■ Work instructions: Here is a set of records. Copy them all exactly.

*** Input data Section Begins ***

(* Let $f:(0,\infty)\to[0,\infty)$ be a convex continuous function with $f(1)=0$ such that for every $x\ne1$, $f$ is twice differentiable at $x$ with $f''(x)\ge0$, and $f'(x)<0$ for $0<x<1$, $f'(x)>0$ for $x>1$. Let $\nu,\mu$ be the Gibbs distributions of two Ising models on the same graph, both $b$-marginally bounded. Then $$D_f(\nu\|\mu)\ \ge\ \max\{f(1-d_{TV}(\nu,\mu)),\,f(1+d_{TV}(\nu,\mu))\}\ \ge\ \max\left\{f\left(1-\tfrac{b^2}{2}d_{\mathrm{par}}(\nu,\mu)\right),\,f\left(1+\tfrac{b^2}{2}d_{\mathrm{par}}(\nu,\mu)\right)\right\}.$$
   Context: An Ising model $(G,J,h)$ on $G=(V,E)$ consists of a symmetric $J\in\mathbb{R}^{V\times V}$ with $J_{uv}\ne0$ only if $\{u,v\}\in E$, and $h\in\mathbb{R}^V$; its Gibbs distribution on $\{-1,+1\}^V$ is $\mu(\sigma)\propto\exp(\tfrac12\sigma^TJ\sigma+h^T\sigma)$. $D_f(\nu\|\mu)=\sum_\sigma\mu(\sigma)f(\nu(\sigma)/\mu(\sigma))$ and $d_{TV}$ is the total variation distance. The parameter distance is $d_{\mathrm{par}}(\nu,\mu)=\max\left\{\max_{u,v}|J^\nu_{uv}-J^\mu_{uv}|,\ \max_{v\in V}\frac{|h^\nu(v)-h^\mu(v)|}{\deg(v)+1}\right\}$. $\mu$ is $b$-marginally bounded if for every $\Lambda\subseteq V$, pinning $\sigma\in\{-1,+1\}^\Lambda$, $v\notin\Lambda$, $c\in\{-1,+1\}$, the conditional marginal probability that $v$ takes value $c$ given $\sigma$ on $\Lambda$ is at least $b$. *)

theory Defs
  imports "HOL-Analysis.Analysis"
begin

text \<open>Vertices are the elements of a finite type 'v; the graph is given by a
symmetric irreflexive edge relation E.\<close>

definition simple_graph :: "('v \<Rightarrow> 'v \<Rightarrow> bool) \<Rightarrow> bool" where
  "simple_graph E \<longleftrightarrow> (\<forall>u v. E u v \<longrightarrow> E v u) \<and> (\<forall>v. \<not> E v v)"

definition deg :: "('v \<Rightarrow> 'v \<Rightarrow> bool) \<Rightarrow> 'v \<Rightarrow> nat" where
  "deg E v = card {u. E v u}"

definition ising_model :: "('v \<Rightarrow> 'v \<Rightarrow> bool) \<Rightarrow> ('v \<Rightarrow> 'v \<Rightarrow> real) \<Rightarrow> ('v \<Rightarrow> real) \<Rightarrow> bool" where
  "ising_model E J h \<longleftrightarrow> simple_graph E \<and> (\<forall>u v. J u v = J v u) \<and> (\<forall>u v. J u v \<noteq> 0 \<longrightarrow> E u v)"

definition spins :: "('v \<Rightarrow> real) set" where
  "spins = {\<sigma>. \<forall>v. \<sigma> v \<in> {-1, 1}}"

definition gibbs_weight :: "('v::finite \<Rightarrow> 'v \<Rightarrow> real) \<Rightarrow> ('v \<Rightarrow> real) \<Rightarrow> ('v \<Rightarrow> real) \<Rightarrow> real" where
  "gibbs_weight J h \<sigma> = exp ((1/2) * (\<Sum>u\<in>UNIV. \<Sum>v\<in>UNIV. \<sigma> u * J u v * \<sigma> v) + (\<Sum>v\<in>UNIV. h v * \<sigma> v))"

definition gibbs :: "('v::finite \<Rightarrow> 'v \<Rightarrow> real) \<Rightarrow> ('v \<Rightarrow> real) \<Rightarrow> ('v \<Rightarrow> real) \<Rightarrow> real" where
  "gibbs J h \<sigma> = (if \<sigma> \<in> spins then gibbs_weight J h \<sigma> / (\<Sum>\<tau>\<in>spins. gibbs_weight J h \<tau>) else 0)"

definition f_divergence :: "(real \<Rightarrow> real) \<Rightarrow> (('v \<Rightarrow> real) \<Rightarrow> real) \<Rightarrow> (('v \<Rightarrow> real) \<Rightarrow> real) \<Rightarrow> real" where
  "f_divergence f \<nu> \<mu> = (\<Sum>\<sigma>\<in>spins. \<mu> \<sigma> * f (\<nu> \<sigma> / \<mu> \<sigma>))"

*** Input data Section Ends ***

■ Answer space:
(* Let $f:(0,\infty)\to[0,\infty)$ be a convex continuous function with $f(1)=0$ such that for every $x\ne1$, $f$ is twice differentiable at $x$ with $f''(x)\ge0$, and $f'(x)<0$ for $0<x<1$, $f'(x)>0$ for $x>1$. Let $\nu,\mu$ be the Gibbs distributions of two Ising models on the same graph, both $b$-marginally bounded. Then $$D_f(\nu\|\mu)\ \ge\ \max\{f(1-d_{TV}(\nu,\mu)),\,f(1+d_{TV}(\nu,\mu))\}\ \ge\ \max\left\{f\left(1-\tfrac{b^2}{2}d_{\mathrm{par}}(\nu,\mu)\right),\,f\left(1+\tfrac{b^2}{2}d_{\mathrm{par}}(\nu,\mu)\right)\right\}.$$
   Context: An Ising model $(G,J,h)$ on $G=(V,E)$ consists of a symmetric $J\in\mathbb{R}^{V\times V}$ with $J_{uv}\ne0$ only if $\{u,v\}\in E$, and $h\in\mathbb{R}^V$; its Gibbs distribution on $\{-1,+1\}^V$ is $\mu(\sigma)\propto\exp(\tfrac12\sigma^TJ\sigma+h^T\sigma)$. $D_f(\nu\|\mu)=\sum_\sigma\mu(\sigma)f(\nu(\sigma)/\mu(\sigma))$ and $d_{TV}$ is the total variation distance. The parameter distance is $d_{\mathrm{par}}(\nu,\mu)=\max\left\{\max_{u,v}|J^\nu_{uv}-J^\mu_{uv}|,\ \max_{v\in V}\frac{|h^\nu(v)-h^\mu(v)|}{\deg(v)+1}\right\}$. $\mu$ is $b$-marginally bounded if for every $\Lambda\subseteq V$, pinning $\sigma\in\{-1,+1\}^\Lambda$, $v\notin\Lambda$, $c\in\{-1,+1\}$, the conditional marginal probability that $v$ takes value $c$ given $\sigma$ on $\Lambda$ is at least $b$. *)

theory Defs
  imports "HOL-Analysis.Analysis"
begin

text \<open>Vertices are the elements of a finite type 'v; the graph is given by a
symmetric irreflexive edge relation E.\<close>

definition simple_graph :: "('v \<Rightarrow> 'v \<Rightarrow> bool) \<Rightarrow> bool" where
  "simple_graph E \<longleftrightarrow> (\<forall>u v. E u v \<longrightarrow> E v u) \<and> (\<forall>v. \<not> E v v)"

definition deg :: "('v \<Rightarrow> 'v \<Rightarrow> bool) \<Rightarrow> 'v \<Rightarrow> nat" where
  "deg E v = card {u. E v u}"

definition ising_model :: "('v \<Rightarrow> 'v \<Rightarrow> bool) \<Rightarrow> ('v \<Rightarrow> 'v \<Rightarrow> real) \<Rightarrow> ('v \<Rightarrow> real) \<Rightarrow> bool" where
  "ising_model E J h \<longleftrightarrow> simple_graph E \<and> (\<forall>u v. J u v = J v u) \<and> (\<forall>u v. J u v \<noteq> 0 \<longrightarrow> E u v)"

definition spins :: "('v \<Rightarrow> real) set" where
  "spins = {\<sigma>. \<forall>v. \<sigma> v \<in> {-1, 1}}"

definition gibbs_weight :: "('v::finite \<Rightarrow> 'v \<Rightarrow> real) \<Rightarrow> ('v \<Rightarrow> real) \<Rightarrow> ('v \<Rightarrow> real) \<Rightarrow> real" where
  "gibbs_weight J h \<sigma> = exp ((1/2) * (\<Sum>u\<in>UNIV. \<Sum>v\<in>UNIV. \<sigma> u * J u v * \<sigma> v) + (\<Sum>v\<in>UNIV. h v * \<sigma> v))"

definition gibbs :: "('v::finite \<Rightarrow> 'v \<Rightarrow> real) \<Rightarrow> ('v \<Rightarrow> real) \<Rightarrow> ('v \<Rightarrow> real) \<Rightarrow> real" where
  "gibbs J h \<sigma> = (if \<sigma> \<in> spins then gibbs_weight J h \<sigma> / (\<Sum>\<tau>\<in>spins. gibbs_weight J h \<tau>) else 0)"

definition f_divergence :: "(real \<Rightarrow> real) \<Rightarrow> (('v \<Rightarrow> real) \<Rightarrow> real) \<Rightarrow> (('v \<Rightarrow> real) \<Rightarrow> real) \<Rightarrow> real" where
  "f_divergence f \<nu> \<mu> = (\<Sum>\<sigma>\<in>spins. \<mu> \<sigma> * f (\<nu> \<sigma> / \<mu> \<sigma>))"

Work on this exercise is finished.